The governor’s budget proposal includes an initiative to support manufacturing that he said links job training to career pathways, ensuring that training leads not simply to any job, but to careers that provide higher pay and opportunities for advancement.
Wolf said the 2017-18 budget continues to invest in 21st century manufacturing, workforce development and training programs while also implementing new safeguards to ensure taxpayer dollars for economic development projects are spent appropriately and intended outcomes are met.
Among Wolf’s job creation proposals are partnering with the commonwealth’s research universities and Industrial Resource Centers to accelerate manufacturing technology advancement and adoption, foster manufacturing innovation and commercialization, and build a 21st century workforce.
He also proposes creating a new apprenticeship grant program to ensure workers can receive training aligned to business workforce needs, funded with revenue recovered from companies that fail to live up to previous commitments made when they received state assistance.
The budget proposals also calls for investing $5 million in a manufacturing training-to-career grant program to partner with technical programs and community colleges to develop new training programs that align with their workforce needs.
It would also seek to raise Pennsylvania’s “rainy day fund” from $245,000 to $500 million. That fund was once $1.5 billion under Gov. Ed Rendell, Wolf said.
Dennis Davin, secretary of the Pennsylvania Department of Community and Economic Development, also joined Wolf for his post-budget address. They were introduced by Kevin Lott, former president of the Lehigh Valley carpenters union, Local 167 of the Northeast Regional Council of Carpenters.
“It’s an honor to host Governor Wolf at our new training facility where we will be training the next generation for family-sustaining wages in the construction industry,” Lott said. “The Carpenters Joint Apprenticeship Training Program allows carpenter apprentices to earn wages and benefits that enable them to provide for themselves and their families, while learning from the most-experienced professionals both in the classroom and on-site.

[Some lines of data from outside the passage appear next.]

(* Let $X_1,\dots,X_n$ be features and $Y$ a target that is not a.s. constant. Then for every $i\in\{1,\dots,n\}$, $\mathrm{FI}(i)\in[0,1]$.
   Context: All random variables are discrete with finite support and defined on a common probability space. For discrete random variables (or random vectors) $X$ and $Y$, define $$\mathrm{UD}(X,Y):=\sum_x p_X(x)\sum_y \bigl|p_{Y\mid X=x}(y)-p_Y(y)\bigr|,$$ and, when $Y$ is not almost surely constant, $\mathrm{Dep}(X,Y):=\mathrm{UD}(X,Y)/\mathrm{UD}(Y,Y)$. Given features $X_1,\dots,X_n$ with index set $\mathcal{F}=\{1,\dots,n\}$ and $S\subseteq\mathcal{F}$, write $X_S=(X_i)_{i\in S}$ ($X_\emptyset$ constant) and $\mathrm{Dep}(S,Y):=\mathrm{Dep}(X_S,Y)$. The Berkelmans–Pries feature importance is $$\mathrm{FI}(i):=\sum_{S\subseteq\mathcal{F}\setminus\{i\}}\frac{|S|!\,(n-|S|-1)!}{n!}\bigl(\mathrm{Dep}(S\cup\{i\},Y)-\mathrm{Dep}(S,Y)\bigr).$$ *)

theory Defs
  imports "HOL-Probability.Probability"
begin

text \<open>The common probability space is a discrete probability distribution M on outcomes 'w.
  Random variables are functions on outcomes; finite support is an explicit assumption.\<close>

definition pX :: "'w pmf \<Rightarrow> ('w \<Rightarrow> 'a) \<Rightarrow> 'a \<Rightarrow> real" where
  "pX M A x = measure_pmf.prob M (A -` {x})"

definition pcond :: "'w pmf \<Rightarrow> ('w \<Rightarrow> 'b) \<Rightarrow> ('w \<Rightarrow> 'a) \<Rightarrow> 'b \<Rightarrow> 'a \<Rightarrow> real" where
  "pcond M B A y x = measure_pmf.prob M (A -` {x} \<inter> B -` {y}) / measure_pmf.prob M (A -` {x})"

definition supp :: "'w pmf \<Rightarrow> ('w \<Rightarrow> 'a) \<Rightarrow> 'a set" where
  "supp M A = A ` set_pmf M"

definition UD :: "'w pmf \<Rightarrow> ('w \<Rightarrow> 'a) \<Rightarrow> ('w \<Rightarrow> 'b) \<Rightarrow> real" where
  "UD M A B = (\<Sum>x\<in>supp M A. pX M A x * (\<Sum>y\<in>supp M B. \<bar>pcond M B A y x - pX M B y\<bar>))"

definition Dep :: "'w pmf \<Rightarrow> ('w \<Rightarrow> 'a) \<Rightarrow> ('w \<Rightarrow> 'b) \<Rightarrow> real" where
  "Dep M A B = UD M A B / UD M B B"

definition featvec :: "(nat \<Rightarrow> 'w \<Rightarrow> 'v) \<Rightarrow> nat set \<Rightarrow> 'w \<Rightarrow> (nat \<Rightarrow> 'v)" where
  "featvec X S = (\<lambda>w. restrict (\<lambda>i. X i w) S)"

definition DepS :: "'w pmf \<Rightarrow> (nat \<Rightarrow> 'w \<Rightarrow> 'v) \<Rightarrow> nat set \<Rightarrow> ('w \<Rightarrow> 'y) \<Rightarrow> real" where
  "DepS M X S Y = Dep M (featvec X S) Y"

definition FI :: "'w pmf \<Rightarrow> nat \<Rightarrow> (nat \<Rightarrow> 'w \<Rightarrow> 'v) \<Rightarrow> ('w \<Rightarrow> 'y) \<Rightarrow> nat \<Rightarrow> real" where
  "FI M n X Y i = (\<Sum>S\<in>Pow ({1..n} - {i}).
     fact (card S) * fact (n - card S - 1) / fact n *
     (DepS M X (S \<union> {i}) Y - DepS M X S Y))"

end

theory Submission
  imports Defs
begin

text \<open>
  Dep(X, Y) normalises the L1 distance between the joint law of (X, Y) and the product of its
  marginals. Replacing X by a function of X merges rows of this discrepancy table, which by the
  triangle inequality can only shrink the distance; so Dep(S, Y) is monotone in S, and
  Dep(X, Y) \<le> Dep((X, Y), Y) = Dep(Y, Y) = 1. Hence every marginal contribution in FI(i) lies
  in [0, 1]. The Shapley weights over the subsets of {1..n} - {i} sum to 1, because the
  C(n-1, k) subsets of size k each have weight k! (n-k-1)! / n!, so FI(i) is a convex
  combination of numbers in [0, 1].
\<close>

abbreviation Pr :: "'w pmf \<Rightarrow> 'w set \<Rightarrow> real" where
  "Pr M E \<equiv> measure_pmf.prob M E"

lemma prob_eq_sum_preimages:
  assumes "finite (supp M A)"
  shows "Pr M E = (\<Sum>x\<in>supp M A. Pr M (A -` {x} \<inter> E))"
proof -
  have "Pr M {w\<in>space (measure_pmf M). w \<in> E} =
      (\<Sum>x\<in>supp M A. Pr M {w\<in>space (measure_pmf M). A w = x \<and> w \<in> E})"
    using assms by (intro measure_pmf.prob_sum) (auto simp: supp_def intro!: AE_pmfI)
  then show ?thesis by (simp add: Int_def vimage_def conj_commute)
qed

lemma supp_comp: "(\<And>w. A w = f (A' w)) \<Longrightarrow> supp M A = f ` supp M A'"
  unfolding supp_def by (auto simp: image_image)

lemma prob_preimage_comp_eq_sum:
  assumes fin: "finite (supp M A')" and f: "\<And>w. A w = f (A' w)"
  shows "Pr M (A -` {x} \<inter> E) = (\<Sum>x'\<in>{x'\<in>supp M A'. f x' = x}. Pr M (A' -` {x'} \<inter> E))"
proof -
  have "Pr M (A -` {x} \<inter> E) = (\<Sum>x'\<in>supp M A'. Pr M (A' -` {x'} \<inter> (A -` {x} \<inter> E)))"
    by (rule prob_eq_sum_preimages[OF fin])
  also have "\<dots> = (\<Sum>x'\<in>supp M A'. if f x' = x then Pr M (A' -` {x'} \<inter> E) else 0)"
  proof (intro sum.cong refl)
    fix x'
    have "A' -` {x'} \<inter> (A -` {x} \<inter> E) = (if f x' = x then A' -` {x'} \<inter> E else {})"
      using f by auto
    then show "Pr M (A' -` {x'} \<inter> (A -` {x} \<inter> E)) =
        (if f x' = x then Pr M (A' -` {x'} \<inter> E) else 0)"
      by simp
  qed
  also have "\<dots> = (\<Sum>x'\<in>{x'\<in>supp M A'. f x' = x}. Pr M (A' -` {x'} \<inter> E))"
    by (simp add: sum.inter_filter fin)
  finally show ?thesis .
qed

lemma pX_comp_eq_sum:
  assumes "finite (supp M A')" and "\<And>w. A w = f (A' w)"
  shows "pX M A x = (\<Sum>x'\<in>{x'\<in>supp M A'. f x' = x}. pX M A' x')"
  using prob_preimage_comp_eq_sum[where A=A and f=f and x=x and E=UNIV, OF assms]
  by (simp add: pX_def)

lemma pX_pos: "x \<in> supp M A \<Longrightarrow> pX M A x > 0"
  unfolding pX_def supp_def by (auto simp: measure_pmf_posI)

lemma UD_eq_sum_abs_joint_minus_product:
  "UD M A B = (\<Sum>x\<in>supp M A. \<Sum>y\<in>supp M B.
      \<bar>Pr M (A -` {x} \<inter> B -` {y}) - pX M A x * pX M B y\<bar>)"
  unfolding UD_def
proof (intro sum.cong refl)
  fix x assume "x \<in> supp M A"
  then have pos: "pX M A x > 0" by (rule pX_pos)
  have "pX M A x * (\<Sum>y\<in>supp M B. \<bar>pcond M B A y x - pX M B y\<bar>)
      = (\<Sum>y\<in>supp M B. \<bar>pX M A x * pcond M B A y x - pX M A x * pX M B y\<bar>)"
    using pos by (simp add: sum_distrib_left abs_mult right_diff_distrib[symmetric])
  also have "\<dots> = (\<Sum>y\<in>supp M B. \<bar>Pr M (A -` {x} \<inter> B -` {y}) - pX M A x * pX M B y\<bar>)"
    using pos by (simp add: pcond_def pX_def)
  finally show "pX M A x * (\<Sum>y\<in>supp M B. \<bar>pcond M B A y x - pX M B y\<bar>) =
      (\<Sum>y\<in>supp M B. \<bar>Pr M (A -` {x} \<inter> B -` {y}) - pX M A x * pX M B y\<bar>)" .
qed

lemma UD_nonneg: "UD M A B \<ge> 0"
  unfolding UD_def by (intro sum_nonneg mult_nonneg_nonneg) (auto simp: pX_def)

lemma UD_comp_le:
  assumes fin: "finite (supp M A')" and f: "\<And>w. A w = f (A' w)"
  shows "UD M A B \<le> UD M A' B"
proof -
  define S where "S x = {x'\<in>supp M A'. f x' = x}" for x
  define d where "d x' y = \<bar>Pr M (A' -` {x'} \<inter> B -` {y}) - pX M A' x' * pX M B y\<bar>" for x' y
  have merge: "\<bar>Pr M (A -` {x} \<inter> B -` {y}) - pX M A x * pX M B y\<bar> \<le> (\<Sum>x'\<in>S x. d x' y)"
    for x y
  proof -
    have "Pr M (A -` {x} \<inter> B -` {y}) - pX M A x * pX M B y
        = (\<Sum>x'\<in>S x. Pr M (A' -` {x'} \<inter> B -` {y}) - pX M A' x' * pX M B y)"
      unfolding S_def prob_preimage_comp_eq_sum[where A=A and f=f, OF fin f]
        pX_comp_eq_sum[where A=A and f=f, OF fin f]
      by (simp add: sum_subtractf sum_distrib_right)
    then show ?thesis unfolding d_def by (simp add: sum_abs)
  qed
  have "UD M A B \<le> (\<Sum>x\<in>supp M A. \<Sum>y\<in>supp M B. \<Sum>x'\<in>S x. d x' y)"
    unfolding UD_eq_sum_abs_joint_minus_product by (intro sum_mono merge)
  also have "\<dots> = (\<Sum>x\<in>f ` supp M A'. \<Sum>x'\<in>S x. \<Sum>y\<in>supp M B. d x' y)"
    by (simp add: supp_comp[of A f A' M, OF f] sum.swap[of _ "supp M B"])
  also have "\<dots> = (\<Sum>x'\<in>supp M A'. \<Sum>y\<in>supp M B. d x' y)"
    unfolding S_def by (rule sum.image_gen[OF fin, symmetric])
  also have "\<dots> = UD M A' B"
    unfolding UD_eq_sum_abs_joint_minus_product d_def ..
  finally show ?thesis .
qed

lemma UD_determined_eq_sum:
  assumes g: "\<And>w. B w = g (A w)"
  shows "UD M A B = (\<Sum>x\<in>supp M A. pX M A x *
      (\<Sum>y\<in>supp M B. \<bar>(if g x = y then 1 else 0) - pX M B y\<bar>))"
  unfolding UD_eq_sum_abs_joint_minus_product sum_distrib_left
proof (intro sum.cong refl)
  fix x y
  have "A -` {x} \<inter> B -` {y} = (if g x = y then A -` {x} else {})"
    using g by auto
  then have "Pr M (A -` {x} \<inter> B -` {y}) = (if g x = y then pX M A x else 0)"
    by (simp add: pX_def)
  moreover have "pX M A x \<ge> 0" by (simp add: pX_def)
  moreover have "pX M A x - pX M A x * pX M B y = pX M A x * (1 - pX M B y)"
    by (simp add: algebra_simps)
  ultimately show "\<bar>Pr M (A -` {x} \<inter> B -` {y}) - pX M A x * pX M B y\<bar> =
      pX M A x * \<bar>(if g x = y then 1 else 0) - pX M B y\<bar>"
    by (simp add: abs_mult)
qed

lemma UD_determined_eq_UD_self:
  assumes fin: "finite (supp M A)" and g: "\<And>w. B w = g (A w)"
  shows "UD M A B = UD M B B"
proof -
  define c where "c y = (\<Sum>y'\<in>supp M B. \<bar>(if y = y' then 1 else 0) - pX M B y'\<bar>)" for y
  have "UD M A B = (\<Sum>x\<in>supp M A. pX M A x * c (g x))"
    unfolding UD_determined_eq_sum[where g=g, OF g] c_def ..
  also have "\<dots> = (\<Sum>y\<in>g ` supp M A. \<Sum>x\<in>{x\<in>supp M A. g x = y}. pX M A x * c (g x))"
    by (rule sum.image_gen[OF fin])
  also have "\<dots> = (\<Sum>y\<in>supp M B. pX M B y * c y)"
    by (simp add: supp_comp[of B g A M, OF g] sum_distrib_right
        pX_comp_eq_sum[where A=B and f=g, OF fin g])
  also have "\<dots> = UD M B B"
    using UD_determined_eq_sum[of B "\<lambda>x. x" B M] unfolding c_def by simp
  finally show ?thesis .
qed

lemma Dep_nonneg: "Dep M A B \<ge> 0"
  unfolding Dep_def by (intro divide_nonneg_nonneg UD_nonneg)

lemma Dep_comp_le:
  assumes "finite (supp M A')" and "\<And>w. A w = f (A' w)"
  shows "Dep M A B \<le> Dep M A' B"
  unfolding Dep_def by (intro divide_right_mono UD_comp_le[where f=f, OF assms] UD_nonneg)

lemma Dep_le_1:
  assumes fA: "finite (supp M A)" and fB: "finite (supp M B)"
  shows "Dep M A B \<le> 1"
proof -
  define AB where "AB w = (A w, B w)" for w
  have "supp M AB \<subseteq> supp M A \<times> supp M B" unfolding supp_def AB_def by auto
  then have fin: "finite (supp M AB)" using fA fB by (auto intro: finite_subset)
  have "UD M A B \<le> UD M AB B" by (rule UD_comp_le[where f=fst, OF fin]) (simp add: AB_def)
  also have "\<dots> = UD M B B"
    by (rule UD_determined_eq_UD_self[where g=snd, OF fin]) (simp add: AB_def)
  finally show ?thesis
    using UD_nonneg[of M B B] unfolding Dep_def by (cases "UD M B B = 0") (auto simp: divide_le_eq_1)
qed

lemma finite_supp_featvec:
  assumes "finite S" and "\<And>j. j \<in> S \<Longrightarrow> finite (supp M (X j))"
  shows "finite (supp M (featvec X S))"
proof (rule finite_subset)
  show "supp M (featvec X S) \<subseteq> PiE S (\<lambda>j. supp M (X j))"
    unfolding supp_def featvec_def by auto
  show "finite (PiE S (\<lambda>j. supp M (X j)))"
    using assms by (intro finite_PiE)
qed

lemma featvec_restrict: "S \<subseteq> T \<Longrightarrow> featvec X S w = restrict (featvec X T w) S"
  unfolding featvec_def by (auto simp: fun_eq_iff)

lemma DepS_increment_bounds:
  assumes "finite T" and "\<And>j. j \<in> T \<Longrightarrow> finite (supp M (X j))"
    and "finite (supp M Y)" and "S \<subseteq> T"
  shows "0 \<le> DepS M X T Y - DepS M X S Y" and "DepS M X T Y - DepS M X S Y \<le> 1"
proof -
  have fin: "finite (supp M (featvec X T))" by (rule finite_supp_featvec) fact+
  have "Dep M (featvec X S) Y \<le> Dep M (featvec X T) Y"
    by (rule Dep_comp_le[where f="\<lambda>v. restrict v S", OF fin featvec_restrict[OF \<open>S \<subseteq> T\<close>]])
  then show "0 \<le> DepS M X T Y - DepS M X S Y" by (simp add: DepS_def)
  have "Dep M (featvec X T) Y \<le> 1" by (rule Dep_le_1[OF fin \<open>finite (supp M Y)\<close>])
  with Dep_nonneg[of M "featvec X S" Y]
  show "DepS M X T Y - DepS M X S Y \<le> 1" by (simp add: DepS_def)
qed

lemma sum_Pow_card:
  assumes "finite F"
  shows "(\<Sum>S\<in>Pow F. h (card S)) = (\<Sum>k\<le>card F. of_nat (card F choose k) * h k)"
proof -
  have card_image: "card ` Pow F = {..card F}"
  proof
    show "card ` Pow F \<subseteq> {..card F}" using assms by (auto intro: card_mono)
    show "{..card F} \<subseteq> card ` Pow F"
      using assms by (auto dest: obtain_subset_with_card_n)
  qed
  have "(\<Sum>S\<in>Pow F. h (card S)) = (\<Sum>k\<in>card ` Pow F. \<Sum>S\<in>{S\<in>Pow F. card S = k}. h (card S))"
    using assms by (intro sum.image_gen) simp
  also have "\<dots> = (\<Sum>k\<le>card F. of_nat (card {S. S \<subseteq> F \<and> card S = k}) * h k)"
    unfolding card_image by (intro sum.cong refl) (simp add: Pow_def conj_commute)
  finally show ?thesis by (simp add: n_subsets[OF assms])
qed

lemma sum_Shapley_weights:
  assumes "finite F"
  shows "(\<Sum>S\<in>Pow F. fact (card S) * fact (card F - card S) / fact (Suc (card F))) = (1::real)"
proof -
  have "(\<Sum>S\<in>Pow F. fact (card S) * fact (card F - card S) / fact (Suc (card F)))
      = (\<Sum>k\<le>card F. real (card F choose k) * (fact k * fact (card F - k) / fact (Suc (card F))))"
    by (rule sum_Pow_card[OF assms])
  also have "\<dots> = (\<Sum>k\<le>card F. 1 / real (Suc (card F)))"
    by (intro sum.cong refl) (simp add: binomial_fact)
  finally show ?thesis by simp
qed

lemma sum_weighted_in_unit_interval:
  fixes w a :: "'a \<Rightarrow> real"
  assumes "finite A" and "\<And>x. x \<in> A \<Longrightarrow> w x \<ge> 0" and "sum w A = 1"
    and "\<And>x. x \<in> A \<Longrightarrow> 0 \<le> a x \<and> a x \<le> 1"
  shows "(\<Sum>x\<in>A. w x * a x) \<in> {0..1}"
proof -
  have "(\<Sum>x\<in>A. w x * a x) \<le> (\<Sum>x\<in>A. w x)"
    using assms by (intro sum_mono) (simp add: mult_left_le)
  moreover have "(\<Sum>x\<in>A. w x * a x) \<ge> 0"
    using assms by (intro sum_nonneg) simp
  ultimately show ?thesis using assms by simp
qed

theorem mainTheorem4:
  fixes M :: "'w pmf" and n :: nat and X :: "nat \<Rightarrow> 'w \<Rightarrow> 'v" and Y :: "'w \<Rightarrow> 'y"
    and i :: nat
  assumes finX: "\<And>j. j \<in> {1..n} \<Longrightarrow> finite (supp M (X j))"
    and finY: "finite (supp M Y)"
    and nonconst: "\<not> (\<exists>c. AE w in measure_pmf M. Y w = c)"
    and i: "i \<in> {1..n}"
  shows "FI M n X Y i \<in> {0..1}"
proof -
  define F where "F = {1..n} - {i}"
  define w where "w S = fact (card S) * fact (n - card S - 1) / (fact n :: real)" for S :: "nat set"
  define \<Delta> where "\<Delta> S = DepS M X (S \<union> {i}) Y - DepS M X S Y" for S
  have FI: "FI M n X Y i = (\<Sum>S\<in>Pow F. w S * \<Delta> S)"
    unfolding FI_def F_def w_def \<Delta>_def ..
  have "0 \<le> \<Delta> S \<and> \<Delta> S \<le> 1" if "S \<in> Pow F" for S
  proof -
    have "S \<union> {i} \<subseteq> {1..n}" using that i by (auto simp: F_def)
    then have "finite (S \<union> {i})" and "\<And>j. j \<in> S \<union> {i} \<Longrightarrow> finite (supp M (X j))"
      using finX by (auto intro: finite_subset)
    from DepS_increment_bounds[OF this finY Un_upper1] show ?thesis by (simp add: \<Delta>_def)
  qed
  moreover have "(\<Sum>S\<in>Pow F. w S) = 1"
  proof -
    have "finite F" and "n = Suc (card F)" using i by (auto simp: F_def)
    then show ?thesis
      using sum_Shapley_weights[of F] unfolding w_def by simp
  qed
  ultimately show ?thesis
    unfolding FI using i by (intro sum_weighted_in_unit_interval) (auto simp: w_def F_def)
qed

end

We appreciate Governor Wolf’s commitment to supporting the middle-class.”
Wolf’s budget proposal bolsters education funding by $209 million, expands efforts to combat the opioid epidemic, and supports programs for seniors and individuals with disabilities. He said the $2 billion in cuts and savings rely on reforming government, eliminating waste and modernizing and improving state services for customers by getting rid of red tape and bureaucracy, not but cutting important programs.
“I’m offering a budget proposal that represents a responsible solution to our deficit challenge, and a different approach from the way things have been done in Harrisburg for almost a generation,” Wolf said.